# [Assignment]
Do any lines in the data below contain "lemma"? If so, copy every one of them.

# [Supplied data]
Content starts
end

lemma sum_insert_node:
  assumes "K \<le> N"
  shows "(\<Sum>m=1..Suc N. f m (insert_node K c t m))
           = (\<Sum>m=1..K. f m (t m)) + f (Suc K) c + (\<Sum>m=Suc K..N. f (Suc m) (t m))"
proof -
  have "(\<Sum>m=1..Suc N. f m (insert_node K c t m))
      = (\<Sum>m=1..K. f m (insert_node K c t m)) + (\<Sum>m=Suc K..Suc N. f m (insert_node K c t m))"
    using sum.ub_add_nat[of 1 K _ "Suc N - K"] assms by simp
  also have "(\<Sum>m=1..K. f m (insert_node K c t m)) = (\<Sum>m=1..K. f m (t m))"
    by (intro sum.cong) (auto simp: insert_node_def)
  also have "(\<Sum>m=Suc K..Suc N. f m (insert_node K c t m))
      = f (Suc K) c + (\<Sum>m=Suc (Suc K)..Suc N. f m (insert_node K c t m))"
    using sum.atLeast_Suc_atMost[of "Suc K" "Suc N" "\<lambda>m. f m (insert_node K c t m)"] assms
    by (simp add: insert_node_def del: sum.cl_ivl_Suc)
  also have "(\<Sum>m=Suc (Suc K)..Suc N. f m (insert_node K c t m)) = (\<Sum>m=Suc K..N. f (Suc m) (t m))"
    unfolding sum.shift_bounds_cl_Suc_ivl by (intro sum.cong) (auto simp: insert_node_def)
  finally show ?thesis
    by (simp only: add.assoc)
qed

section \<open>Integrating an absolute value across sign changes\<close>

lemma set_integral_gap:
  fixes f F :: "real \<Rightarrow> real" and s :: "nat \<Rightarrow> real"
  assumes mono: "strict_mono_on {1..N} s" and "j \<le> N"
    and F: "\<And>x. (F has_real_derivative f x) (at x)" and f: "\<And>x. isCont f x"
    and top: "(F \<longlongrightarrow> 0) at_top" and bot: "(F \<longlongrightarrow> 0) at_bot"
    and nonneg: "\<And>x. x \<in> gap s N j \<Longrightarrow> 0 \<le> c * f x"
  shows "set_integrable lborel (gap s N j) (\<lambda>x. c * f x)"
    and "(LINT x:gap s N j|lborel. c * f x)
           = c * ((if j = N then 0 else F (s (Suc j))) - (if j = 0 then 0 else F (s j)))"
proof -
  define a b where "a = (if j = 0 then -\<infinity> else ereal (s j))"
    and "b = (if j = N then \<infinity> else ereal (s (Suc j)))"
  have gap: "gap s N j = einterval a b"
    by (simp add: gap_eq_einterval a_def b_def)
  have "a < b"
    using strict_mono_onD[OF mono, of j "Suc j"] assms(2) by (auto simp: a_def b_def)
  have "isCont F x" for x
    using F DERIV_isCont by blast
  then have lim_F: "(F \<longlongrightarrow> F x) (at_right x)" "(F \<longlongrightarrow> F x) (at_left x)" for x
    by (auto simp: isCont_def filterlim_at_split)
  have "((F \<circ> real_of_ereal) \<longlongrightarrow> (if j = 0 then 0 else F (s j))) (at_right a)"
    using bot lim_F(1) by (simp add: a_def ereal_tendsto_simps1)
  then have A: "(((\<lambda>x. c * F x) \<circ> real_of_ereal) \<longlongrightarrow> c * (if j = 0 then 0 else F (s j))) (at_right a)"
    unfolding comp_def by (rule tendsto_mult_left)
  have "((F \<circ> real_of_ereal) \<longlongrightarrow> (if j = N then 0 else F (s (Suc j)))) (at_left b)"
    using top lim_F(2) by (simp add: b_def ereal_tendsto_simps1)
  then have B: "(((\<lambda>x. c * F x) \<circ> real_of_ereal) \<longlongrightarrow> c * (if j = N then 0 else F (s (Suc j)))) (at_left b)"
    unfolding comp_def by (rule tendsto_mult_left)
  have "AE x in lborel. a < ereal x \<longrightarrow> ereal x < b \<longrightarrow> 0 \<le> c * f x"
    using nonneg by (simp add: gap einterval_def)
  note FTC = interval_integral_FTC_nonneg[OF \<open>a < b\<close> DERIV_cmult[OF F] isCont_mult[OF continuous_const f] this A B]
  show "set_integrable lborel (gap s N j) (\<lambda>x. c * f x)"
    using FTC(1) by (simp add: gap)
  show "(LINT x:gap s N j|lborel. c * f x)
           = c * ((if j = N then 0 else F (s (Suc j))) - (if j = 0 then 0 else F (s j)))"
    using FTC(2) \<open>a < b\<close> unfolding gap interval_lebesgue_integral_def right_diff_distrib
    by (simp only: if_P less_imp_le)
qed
Content ends
# [Exercise answer]
lemma sum_insert_node:
lemma set_integral_gap:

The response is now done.